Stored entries

━━━━━━━━━━

lemma follower_matrix_mult_vanishing_at_leader:
  assumes "X None = 0"
  shows "(\<Sum>j\<in>UNIV. follower_matrix a $ i $ j * X (Some j))
       = (\<Sum>u\<in>UNIV - {Some i}. a (Some i) u * (X (Some i) - X u))"
proof -
  have "(\<Sum>u\<in>UNIV - {Some i}. a (Some i) u * (X (Some i) - X u))
      = (\<Sum>u\<in>UNIV - {Some i}. a (Some i) u) * X (Some i) - (\<Sum>u\<in>UNIV - {Some i}. a (Some i) u * X u)"
    by (simp add: right_diff_distrib sum_subtractf sum_distrib_right)
  also have "\<dots> = follower_matrix a $ i $ i * X (Some i)
      - (\<Sum>j\<in>UNIV - {i}. a (Some i) (Some j) * X (Some j))"
    using sum_UNIV_minus_Some[of "\<lambda>u. a (Some i) u * X u" i] assms by (simp add: follower_matrix_def)
  also have "\<dots> = follower_matrix a $ i $ i * X (Some i)
      + (\<Sum>j\<in>UNIV - {i}. follower_matrix a $ i $ j * X (Some j))"
    by (simp add: follower_matrix_def sum_negf)
  also have "\<dots> = (\<Sum>j\<in>UNIV. follower_matrix a $ i $ j * X (Some j))"
    by (subst sum.remove[of _ i]) auto
  finally show ?thesis ..
qed
lemma finite_msgs: "finite (msgs E)"
  and genesis_in_msgs: "genesis E \<in> msgs E"
  and genesis_is_tx: "is_tx E (genesis E)"
  and genesis_ins: "ins E (genesis E) = {}"
  and genesis_value: "(\<Sum>p\<leftarrow>outs E (genesis E). fst p) = totalM E"
  and tlt_irrefl [rule_format]: "\<forall>x\<in>msgs E. \<not> tlt E x x"
  and tlt_trans [rule_format]:
    "\<forall>x\<in>msgs E. \<forall>y\<in>msgs E. \<forall>z\<in>msgs E. tlt E x y \<longrightarrow> tlt E y z \<longrightarrow> tlt E x z"
  and tlt_total [rule_format]: "\<forall>x\<in>msgs E. \<forall>y\<in>msgs E. x \<noteq> y \<longrightarrow> tlt E x y \<or> tlt E y x"
  and refs_earlier [rule_format]: "\<forall>x\<in>msgs E. \<forall>y\<in>refs E x. y \<in> msgs E \<and> tlt E y x"
  and tx_wellformed [rule_format]: "\<forall>t\<in>msgs E. is_tx E t \<longrightarrow>
        finite (ins E t)
      \<and> (\<forall>u\<in>ins E t. is_tx E (fst u) \<and> snd u < length (outs E (fst u)))
      \<and> (\<forall>p\<in>set (outs E t). fst p \<ge> 0)
      \<and> (t \<noteq> genesis E \<longrightarrow> ins E t \<noteq> {}
           \<and> (\<Sum>u\<in>ins E t. oval E u) = (\<Sum>p\<leftarrow>outs E t. fst p))"
  and ack_wellformed [rule_format]: "\<forall>a\<in>msgs E. is_ack E a \<longrightarrow>
        (\<forall>t\<in>signs E a. is_tx E t)
      \<and> (\<forall>p. prev E a = Some p \<longrightarrow> is_ack E p \<and> ackval E p = ackval E a)"
  and honest_prev [rule_format]: "\<forall>a\<in>msgs E. is_ack E a \<and> honest E (ackval E a) \<longrightarrow>
        (case prev E a of
           None \<Rightarrow> \<not> (\<exists>b\<in>msgs E. is_ack E b \<and> ackval E b = ackval E a \<and> tlt E b a)
         | Some p \<Rightarrow> p \<in> msgs E \<and> tlt E p a \<and>
             (\<forall>b\<in>msgs E. is_ack E b \<and> ackval E b = ackval E a \<and> tlt E b a
                 \<longrightarrow> b = p \<or> tlt E b p))"
  and genesis_adv_less: "genesis_adv E < totalM E / 3"
  and adv_count_less [rule_format]: "\<forall>\<tau>\<in>msgs E. adv_count E \<tau> < totalM E / 3"
  using exec unfolding abc_execution_def by argo+

lemma finite_ins: "t \<in> msgs E \<Longrightarrow> is_tx E t \<Longrightarrow> finite (ins E t)"
  using tx_wellformed[of t] by simp

lemma input_outpoint: "t \<in> msgs E \<Longrightarrow> is_tx E t \<Longrightarrow> u \<in> ins E t \<Longrightarrow>
    is_tx E (fst u) \<and> snd u < length (outs E (fst u))"
  using tx_wellformed[of t] by simp

lemma value_conservation: "t \<in> msgs E \<Longrightarrow> is_tx E t \<Longrightarrow> t \<noteq> genesis E \<Longrightarrow>
    (\<Sum>u\<in>ins E t. oval E u) = (\<Sum>p\<leftarrow>outs E t. fst p)"
  using tx_wellformed[of t] by simp

lemma oval_nonneg:
  assumes "fst u \<in> msgs E" "is_tx E (fst u)" "snd u < length (outs E (fst u))"
  shows "oval E u \<ge> 0"
  using tx_wellformed[OF assms(1,2)] assms(3) unfolding oval_def by simp

lemma inputs_in_msgs: "t \<in> msgs E \<Longrightarrow> is_tx E t \<Longrightarrow> u \<in> ins E t \<Longrightarrow> fst u \<in> msgs E"
  using refs_earlier[of t "fst u"] by (auto simp: refs_def is_tx_def)

lemma input_oval_nonneg: "t \<in> msgs E \<Longrightarrow> is_tx E t \<Longrightarrow> u \<in> ins E t \<Longrightarrow> oval E u \<ge> 0"
  using oval_nonneg inputs_in_msgs input_outpoint by meson

lemma genesis_adv_nonneg: "genesis_adv E \<ge> 0"
  unfolding genesis_adv_def using genesis_in_msgs genesis_is_tx by (intro sum_nonneg oval_nonneg) auto

lemma totalM_pos: "totalM E > 0"
  using genesis_adv_nonneg genesis_adv_less by linarith

lemma past1_earlier:
  assumes "x \<in> msgs E" and "y \<in> past1 E x"
  shows "y \<in> msgs E \<and> tle E y x"
proof -
  from assms(2) have "(x, y) \<in> {(u, w). w \<in> refs E u}\<^sup>*" unfolding past1_def by simp
  then show ?thesis
  proof (induction rule: rtrancl_induct)
    case (step y z)
    then show ?case using assms(1) refs_earlier tlt_trans unfolding tle_def by blast
  qed (simp add: assms(1) tle_def)
qed

lemma past_msgs: "B \<subseteq> msgs E \<Longrightarrow> past E B \<subseteq> msgs E"
  unfolding past_def using past1_earlier by blast

lemma tle_trans: "x \<in> msgs E \<Longrightarrow> y \<in> msgs E \<Longrightarrow> z \<in> msgs E \<Longrightarrow> tle E x y \<Longrightarrow> tle E y z \<Longrightarrow> tle E x z"
  unfolding tle_def using tlt_trans by blast

lemma tle_antisym: "x \<in> msgs E \<Longrightarrow> y \<in> msgs E \<Longrightarrow> tle E x y \<Longrightarrow> tle E y x \<Longrightarrow> x = y"
  unfolding tle_def using tlt_trans tlt_irrefl by blast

━━━━━━━━━━

| Work required |
Repeat all entries. Match them exactly.

| Solved problem |
lemma follower_matrix_mult_vanishing_at_leader:
  assumes "X None = 0"
  shows "(\<Sum>j\<in>UNIV. follower_matrix a $ i $ j * X (Some j))
       = (\<Sum>u\<in>UNIV - {Some i}. a (Some i) u * (X (Some i) - X u))"
proof -
  have "(\<Sum>u\<in>UNIV - {Some i}. a (Some i) u * (X (Some i) - X u))
      = (\<Sum>u\<in>UNIV - {Some i}. a (Some i) u) * X (Some i) - (\<Sum>u\<in>UNIV - {Some i}. a (Some i) u * X u)"
    by (simp add: right_diff_distrib sum_subtractf sum_distrib_right)
  also have "\<dots> = follower_matrix a $ i $ i * X (Some i)
      - (\<Sum>j\<in>UNIV - {i}. a (Some i) (Some j) * X (Some j))"
    using sum_UNIV_minus_Some[of "\<lambda>u. a (Some i) u * X u" i] assms by (simp add: follower_matrix_def)
  also have "\<dots> = follower_matrix a $ i $ i * X (Some i)
      + (\<Sum>j\<in>UNIV - {i}. follower_matrix a $ i $ j * X (Some j))"
    by (simp add: follower_matrix_def sum_negf)
  also have "\<dots> = (\<Sum>j\<in>UNIV. follower_matrix a $ i $ j * X (Some j))"
    by (subst sum.remove[of _ i]) auto
  finally show ?thesis ..
qed
lemma finite_msgs: "finite (msgs E)"
  and genesis_in_msgs: "genesis E \<in> msgs E"
  and genesis_is_tx: "is_tx E (genesis E)"
  and genesis_ins: "ins E (genesis E) = {}"
  and genesis_value: "(\<Sum>p\<leftarrow>outs E (genesis E). fst p) = totalM E"
  and tlt_irrefl [rule_format]: "\<forall>x\<in>msgs E. \<not> tlt E x x"
  and tlt_trans [rule_format]:
    "\<forall>x\<in>msgs E. \<forall>y\<in>msgs E. \<forall>z\<in>msgs E. tlt E x y \<longrightarrow> tlt E y z \<longrightarrow> tlt E x z"
  and tlt_total [rule_format]: "\<forall>x\<in>msgs E. \<forall>y\<in>msgs E. x \<noteq> y \<longrightarrow> tlt E x y \<or> tlt E y x"
  and refs_earlier [rule_format]: "\<forall>x\<in>msgs E. \<forall>y\<in>refs E x. y \<in> msgs E \<and> tlt E y x"
  and tx_wellformed [rule_format]: "\<forall>t\<in>msgs E. is_tx E t \<longrightarrow>
        finite (ins E t)
      \<and> (\<forall>u\<in>ins E t. is_tx E (fst u) \<and> snd u < length (outs E (fst u)))
      \<and> (\<forall>p\<in>set (outs E t). fst p \<ge> 0)
      \<and> (t \<noteq> genesis E \<longrightarrow> ins E t \<noteq> {}
           \<and> (\<Sum>u\<in>ins E t. oval E u) = (\<Sum>p\<leftarrow>outs E t. fst p))"
  and ack_wellformed [rule_format]: "\<forall>a\<in>msgs E. is_ack E a \<longrightarrow>
        (\<forall>t\<in>signs E a. is_tx E t)
      \<and> (\<forall>p. prev E a = Some p \<longrightarrow> is_ack E p \<and> ackval E p = ackval E a)"
  and honest_prev [rule_format]: "\<forall>a\<in>msgs E. is_ack E a \<and> honest E (ackval E a) \<longrightarrow>
        (case prev E a of
           None \<Rightarrow> \<not> (\<exists>b\<in>msgs E. is_ack E b \<and> ackval E b = ackval E a \<and> tlt E b a)
         | Some p \<Rightarrow> p \<in> msgs E \<and> tlt E p a \<and>
             (\<forall>b\<in>msgs E. is_ack E b \<and> ackval E b = ackval E a \<and> tlt E b a
                 \<longrightarrow> b = p \<or> tlt E b p))"
  and genesis_adv_less: "genesis_adv E < totalM E / 3"
  and adv_count_less [rule_format]: "\<forall>\<tau>\<in>msgs E. adv_count E \<tau> < totalM E / 3"
  using exec unfolding abc_execution_def by argo+

lemma finite_ins: "t \<in> msgs E \<Longrightarrow> is_tx E t \<Longrightarrow> finite (ins E t)"
  using tx_wellformed[of t] by simp

lemma input_outpoint: "t \<in> msgs E \<Longrightarrow> is_tx E t \<Longrightarrow> u \<in> ins E t \<Longrightarrow>
    is_tx E (fst u) \<and> snd u < length (outs E (fst u))"
  using tx_wellformed[of t] by simp

lemma value_conservation: "t \<in> msgs E \<Longrightarrow> is_tx E t \<Longrightarrow> t \<noteq> genesis E \<Longrightarrow>
    (\<Sum>u\<in>ins E t. oval E u) = (\<Sum>p\<leftarrow>outs E t. fst p)"
  using tx_wellformed[of t] by simp

lemma oval_nonneg:
  assumes "fst u \<in> msgs E" "is_tx E (fst u)" "snd u < length (outs E (fst u))"
  shows "oval E u \<ge> 0"
  using tx_wellformed[OF assms(1,2)] assms(3) unfolding oval_def by simp

lemma inputs_in_msgs: "t \<in> msgs E \<Longrightarrow> is_tx E t \<Longrightarrow> u \<in> ins E t \<Longrightarrow> fst u \<in> msgs E"
  using refs_earlier[of t "fst u"] by (auto simp: refs_def is_tx_def)

lemma input_oval_nonneg: "t \<in> msgs E \<Longrightarrow> is_tx E t \<Longrightarrow> u \<in> ins E t \<Longrightarrow> oval E u \<ge> 0"
  using oval_nonneg inputs_in_msgs input_outpoint by meson

lemma genesis_adv_nonneg: "genesis_adv E \<ge> 0"
  unfolding genesis_adv_def using genesis_in_msgs genesis_is_tx by (intro sum_nonneg oval_nonneg) auto

lemma totalM_pos: "totalM E > 0"
  using genesis_adv_nonneg genesis_adv_less by linarith

lemma past1_earlier:
  assumes "x \<in> msgs E" and "y \<in> past1 E x"
  shows "y \<in> msgs E \<and> tle E y x"
proof -
  from assms(2) have "(x, y) \<in> {(u, w). w \<in> refs E u}\<^sup>*" unfolding past1_def by simp
  then show ?thesis
  proof (induction rule: rtrancl_induct)
    case (step y z)
    then show ?case using assms(1) refs_earlier tlt_trans unfolding tle_def by blast
  qed (simp add: assms(1) tle_def)
qed

lemma past_msgs: "B \<subseteq> msgs E \<Longrightarrow> past E B \<subseteq> msgs E"
  unfolding past_def using past1_earlier by blast

lemma tle_trans: "x \<in> msgs E \<Longrightarrow> y \<in> msgs E \<Longrightarrow> z \<in> msgs E \<Longrightarrow> tle E x y \<Longrightarrow> tle E y z \<Longrightarrow> tle E x z"
  unfolding tle_def using tlt_trans by blast

lemma tle_antisym: "x \<in> msgs E \<Longrightarrow> y \<in> msgs E \<Longrightarrow> tle E x y \<Longrightarrow> tle E y x \<Longrightarrow> x = y"
  unfolding tle_def using tlt_trans tlt_irrefl by blast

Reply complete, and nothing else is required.